J’avais 13 ans lorsque je dévorais le monde de Shakespeare, ses meurtres motivés par l’ambition, les jeux du pouvoir qui se transforment en folie meurtrière, les jeux de l’amour qui prennent le masque de la possession, les questions obsédantes de la vie, de la mort, du rêve, du rêve éveillé.
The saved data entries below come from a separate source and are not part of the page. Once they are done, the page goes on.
(* Consider binary-tree pivotal sampling on a fixed full binary tree $T$ under the standing assumptions. Define a random assignment of values $\eta_v\in\{0,1\}$ to all non-root nodes of $T$ top-down as follows: for the children $r_1,r_2$ of the root, set $(\eta_{r_1},\eta_{r_2})=(1,0)$ with probability $\pi_{r_1}$ and $(0,1)$ otherwise; then, proceeding level by level, for each internal node $v$ already assigned, with children $v_1,v_2$, draw $(\eta_{v_1},\eta_{v_2})$ independently of everything else from the conditional law given $\xi_v=\eta_v$ described by: if $\pi_{v_1}+\pi_{v_2}>1$, $(1,1)$ when $\eta_v=1$, and when $\eta_v=0$, $(1,0)$ with probability $\frac{1-\pi_{v_2}}{2-\pi_{v_1}-\pi_{v_2}}$ and $(0,1)$ otherwise; if $\pi_{v_1}+\pi_{v_2}<1$, $(0,0)$ when $\eta_v=0$, and when $\eta_v=1$, $(1,0)$ with probability $\frac{\pi_{v_1}}{\pi_{v_1}+\pi_{v_2}}$ and $(0,1)$ otherwise. Then the vector $(\eta_\ell)_{\ell\text{ leaf}}$ has the same joint distribution as the vector $(\xi_\ell)_{\ell\text{ leaf}}$ of leaf inclusion indicators produced by binary-tree pivotal sampling.
   Context: Binary-tree pivotal sampling: let $T$ be a full binary tree whose leaves are identified with an index set, and let $q_i\in[0,1]$ be leaf probabilities with integer sum. Each node can store an index together with a current probability; initially each leaf $i$ stores $i$ with probability $q_i$, and the output set $\mathcal S_{\rm out}$ is empty. Repeatedly choose two sibling nodes that both store indices, say $i$ with probability $q_i$ and $j$ with probability $q_j$, with parent $P$, and remove them. If $q_i+q_j\le1$: with probability $q_i/(q_i+q_j)$ store $i$ at $P$ with probability $q_i+q_j$ ($j$ is rejected), otherwise store $j$ at $P$ with probability $q_i+q_j$ ($i$ is rejected). If $q_i+q_j>1$: with probability $(1-q_i)/(2-q_i-q_j)$ put $j$ into $\mathcal S_{\rm out}$ and store $i$ at $P$ with probability $q_i+q_j-1$; otherwise put $i$ into $\mathcal S_{\rm out}$ and store $j$ at $P$ with probability $q_i+q_j-1$. When only the root stores an index, put it into $\mathcal S_{\rm out}$ iff its probability is $1$. Carried probabilities: $\pi_v=q_i$ for a leaf $v$ with index $i$; for an internal node $v$ with children $v_1,v_2$, $\pi_v=\pi_{v_1}+\pi_{v_2}$ if $\pi_{v_1}+\pi_{v_2}<1$ and $\pi_v=\pi_{v_1}+\pi_{v_2}-1$ if $\pi_{v_1}+\pi_{v_2}>1$. Node statuses: for a non-root node $v$, $\xi_v\in\{0,1\}$ is the indicator that the index stored at $v$ (for a leaf, its own index; for an internal node, the index promoted to $v$ by the comparison of its children) belongs to the final output $\mathcal S_{\rm out}$. Standing assumptions: all leaf probabilities lie in $(0,1)$; for every internal non-root node $v$ with children $v_1,v_2$, $\pi_{v_1}+\pi_{v_2}\ne1$; for the two children $r_1,r_2$ of the root, $\pi_{r_1}+\pi_{r_2}=1$. *)

theory Defs
  imports "HOL-Probability.Probability"
begin

datatype 'a btree = Lf 'a | Nd "'a btree" "'a btree"

fun leaves :: "'a btree \<Rightarrow> 'a list" where
  "leaves (Lf i) = [i]"
| "leaves (Nd l r) = leaves l @ leaves r"

fun subtrees :: "'a btree \<Rightarrow> 'a btree set" where
  "subtrees (Lf i) = {Lf i}"
| "subtrees (Nd l r) = insert (Nd l r) (subtrees l \<union> subtrees r)"

text \<open>Carried probabilities pi_v (the case of sum exactly 1 only occurs at the root).\<close>
fun carried :: "('a \<Rightarrow> real) \<Rightarrow> 'a btree \<Rightarrow> real" where
  "carried q (Lf i) = q i"
| "carried q (Nd l r) =
     (let s = carried q l + carried q r in if s \<le> 1 then s else s - 1)"

text \<open>One pivotal duel of two sibling nodes storing (i, qi) and (j, qj):
  returns the index stored at the parent, its probability, and the set of
  indices put into the output.\<close>
definition duel :: "'a \<Rightarrow> real \<Rightarrow> 'a \<Rightarrow> real \<Rightarrow> ('a \<times> real \<times> 'a set) pmf" where
  "duel i qi j qj =
     (if qi + qj \<le> 1 then
        map_pmf (\<lambda>b. if b then (i, qi + qj, {}) else (j, qi + qj, {}))
          (bernoulli_pmf (qi / (qi + qj)))
      else
        map_pmf (\<lambda>b. if b then (i, qi + qj - 1, {j}) else (j, qi + qj - 1, {i}))
          (bernoulli_pmf ((1 - qi) / (2 - qi - qj))))"

text \<open>Pivotal sampling on a subtree: distribution of (index stored at its
  top node, probability stored there, indices put into the output so far).
  Disjoint subtrees are processed independently.\<close>
fun pivotal_sub :: "('a \<Rightarrow> real) \<Rightarrow> 'a btree \<Rightarrow> ('a \<times> real \<times> 'a set) pmf" where
  "pivotal_sub q (Lf i) = return_pmf (i, q i, {})"
| "pivotal_sub q (Nd l r) =
     bind_pmf (pivotal_sub q l) (\<lambda>(i, qi, S1).
     bind_pmf (pivotal_sub q r) (\<lambda>(j, qj, S2).
     map_pmf (\<lambda>(k, qk, S3). (k, qk, S1 \<union> S2 \<union> S3)) (duel i qi j qj)))"

text \<open>The output set S_out of binary-tree pivotal sampling; leaf i has
  xi_i = 1 iff i is in this set.\<close>
definition pivotal_out :: "('a \<Rightarrow> real) \<Rightarrow> 'a btree \<Rightarrow> 'a set pmf" where
  "pivotal_out q T =
     map_pmf (\<lambda>(k, qk, S). if qk = 1 then insert k S else S) (pivotal_sub q T)"

text \<open>Top-down assignment of eta: given the value e of eta at the top node of
  a (non-root) subtree, the distribution of the set of leaves with eta = 1.\<close>
fun eta_sub :: "('a \<Rightarrow> real) \<Rightarrow> bool \<Rightarrow> 'a btree \<Rightarrow> 'a set pmf" where
  "eta_sub q e (Lf i) = return_pmf (if e then {i} else {})"
| "eta_sub q e (Nd l r) =
     (let a = carried q l; b = carried q r;
          kids = (\<lambda>(e1, e2). bind_pmf (eta_sub q e1 l) (\<lambda>A.
                              map_pmf (\<lambda>B. A \<union> B) (eta_sub q e2 r)))
      in if a + b > 1 then
           (if e then kids (True, True)
            else bind_pmf (bernoulli_pmf ((1 - b) / (2 - a - b)))
                   (\<lambda>c. if c then kids (True, False) else kids (False, True)))
         else
           (if e then bind_pmf (bernoulli_pmf (a / (a + b)))
                   (\<lambda>c. if c then kids (True, False) else kids (False, True))
            else kids (False, False)))"

definition eta_leaves :: "('a \<Rightarrow> real) \<Rightarrow> 'a btree \<Rightarrow> 'a btree \<Rightarrow> 'a set pmf" where
  "eta_leaves q r1 r2 =
     bind_pmf (bernoulli_pmf (carried q r1)) (\<lambda>c.
       bind_pmf (eta_sub q c r1) (\<lambda>A. map_pmf (\<lambda>B. A \<union> B) (eta_sub q (\<not> c) r2)))"

end

theory Submission
  imports Defs
begin

(* Read the state (k, qk, S) that pivotal sampling leaves on a subtree as a function of
   the eventual status e of the index k still stored at its top: the subtree contributes
   S, plus k if e holds.  Pushing the bottom-up sampler forward along this reading gives
   exactly the top-down law with top status e, by induction on the tree: in a duel with
   sum below 1 the winner inherits the parent's status and the loser is rejected, with
   sum above 1 the loser is output and the winner inherits the parent's status, and the
   duel's coin has the law prescribed for the children's statuses.  At the root the
   carried probability is 1, so the surviving index is output, which is the root step
   with status 1. *)

lemma bind_bernoulli_pmf_swap:
  assumes "0 \<le> p" "p \<le> 1"
  shows "bind_pmf (bernoulli_pmf p) (\<lambda>c. if c then M else N)
       = bind_pmf (bernoulli_pmf (1 - p)) (\<lambda>c. if c then N else M)"
proof -
  have Not_bernoulli: "map_pmf Not (bernoulli_pmf p) = bernoulli_pmf (1 - p)"
  proof (rule pmf_eqI)
    fix c :: bool
    have "pmf (map_pmf Not (bernoulli_pmf p)) c = pmf (bernoulli_pmf p) (\<not> c)"
      using pmf_map_inj'[of Not "bernoulli_pmf p" "\<not> c"] by (simp add: inj_def)
    then show "pmf (map_pmf Not (bernoulli_pmf p)) c = pmf (bernoulli_pmf (1 - p)) c"
      using assms by (cases c) auto
  qed
  show ?thesis
    unfolding Not_bernoulli[symmetric] bind_map_pmf by (auto intro: bind_pmf_cong)
qed

lemma bind_pmf_map_pmf_commute:
  "bind_pmf A (\<lambda>x. bind_pmf B (\<lambda>y. map_pmf (f x y) C))
   = bind_pmf C (\<lambda>c. bind_pmf A (\<lambda>x. map_pmf (\<lambda>y. f x y c) B))"
  unfolding map_pmf_def by (subst bind_commute_pmf) (rule bind_commute_pmf)

definition settle :: "bool \<Rightarrow> 'a \<times> real \<times> 'a set \<Rightarrow> 'a set" where
  "settle e x = (if e then insert (fst x) (snd (snd x)) else snd (snd x))"

definition merge_duel ::
  "('a \<times> real \<times> 'a set) pmf \<Rightarrow> real \<Rightarrow> ('a \<times> real \<times> 'a set) pmf \<Rightarrow> real
     \<Rightarrow> ('a \<times> real \<times> 'a set) pmf" where
  "merge_duel L a R b = bind_pmf L (\<lambda>x. bind_pmf R (\<lambda>y.
     map_pmf (\<lambda>(k, qk, S). (k, qk, snd (snd x) \<union> snd (snd y) \<union> S)) (duel (fst x) a (fst y) b)))"

definition settle_pair ::
  "bool \<Rightarrow> bool \<Rightarrow> ('a \<times> real \<times> 'a set) pmf \<Rightarrow> ('a \<times> real \<times> 'a set) pmf \<Rightarrow> 'a set pmf" where
  "settle_pair e1 e2 L R = bind_pmf L (\<lambda>x. map_pmf (\<lambda>y. settle e1 x \<union> settle e2 y) R)"

lemma settle_merge_duel_le:
  assumes "a + b \<le> 1"
  shows "map_pmf (settle e) (merge_duel L a R b)
       = (if e then bind_pmf (bernoulli_pmf (a / (a + b)))
            (\<lambda>c. if c then settle_pair True False L R else settle_pair False True L R)
          else settle_pair False False L R)"
proof -
  have "map_pmf (settle e) (merge_duel L a R b) = bind_pmf L (\<lambda>x. bind_pmf R (\<lambda>y.
      map_pmf (\<lambda>c. if c then settle e x \<union> settle False y else settle False x \<union> settle e y)
        (bernoulli_pmf (a / (a + b)))))"
    unfolding merge_duel_def duel_def if_P[OF assms] map_bind_pmf map_pmf_comp
    by (intro bind_pmf_cong map_pmf_cong refl) (auto simp: settle_def)
  also have "\<dots> = bind_pmf (bernoulli_pmf (a / (a + b)))
           (\<lambda>c. if c then settle_pair e False L R else settle_pair False e L R)"
    by (subst bind_pmf_map_pmf_commute, rule bind_pmf_cong[OF refl]) (simp add: settle_pair_def)
  also have "\<dots> = (if e then bind_pmf (bernoulli_pmf (a / (a + b)))
            (\<lambda>c. if c then settle_pair True False L R else settle_pair False True L R)
          else settle_pair False False L R)"
    by (cases e) (simp_all cong: if_cong)
  finally show ?thesis .
qed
La réalité du meurtre, je l’ai vécue à ce moment-là, dans un bus, lors d’un retour de colonies de vacances. La vigilance des surveillants étudiants fut certainement faible, car le révolver que nous avions trouvé dans une vieille grange, datant de la dernière guerre mondiale, était confortablement installé dans mon sac de sport. Par chance, il était inoffensif. Aussi, lorsque l’un de mes camarades de jeu me mit au défi de lui tirer dessus, le risque n’était pas bien grave. Pourtant, le seul fait de le viser ne m’enchantait nullement et je refusais ce jeu macabre. Ses moqueries, les rires de tous les camarades dans le bus surchauffé, les mots de lâche, de peureux, de « dégonflé » influencèrent mon index qui appuya sur la détente. Le nuage de fumée, et le visage de mon camarade parti à l’arrière ressemblèrent à une terreur. Le bus freina brusquement, je pris la direction de la porte en courant comme un damné et hurlant que je voulais mourir. Deux surveillants me rattrapèrent en essayant de me calmer par des gifles et en me serrant fort. Un troisième arriva, essoufflé, pour dire que la balle avait été recrachée, arrêtée par une dent. Mon ami et moi étions sauvés par une arme vétuste et des anges gardiens qui veillaient sur notre folle jeunesse.
L’apprentissage de vivre lorsque nous sommes adolescents peut être harassant. J’appris déjà que je ne tiendrai jamais une arme à feu, et que toutes insultes seraient vaines afin de m’influencer. Que l’on nous flatte ou que l’on nous insulte, ce n’est que la fragilité de notre mental et la manifestation de notre ego qui réagit, en ne maîtrisant pas ses émotions. Le premier épisode de ma vie eut une odeur de poudre et de tragédie. Le second aurait le parfum d’une comédie.
Le désespoir de ma mère de faire quelque chose de moi m’avait projeté dans cette école de filles, à Millau, où l’on admettait une dizaine de garçons, qui aurait « la chance » d’avoir un diplôme d’employé de bureau. Le fait d’avoir ôté un cache-clavier lors d’un examen (un chiffon qui doit nous empêcher de regarder les touches de nos machines à écrire) me permit d’être consigné quatre dimanches de suite. Je fis donc l’apprentissage du donjuanisme très jeune, car le lycée avait une capacité de 300 élèves féminins et je devais composer avec beaucoup de Mathurine et de Charlotte afin d’en inviter à danser le maximum, dans le foyer. Curieusement, je me devais d’être inventif et brillant, ce qui ne gâche rien pour le futur métier que je n’envisageais pas encore.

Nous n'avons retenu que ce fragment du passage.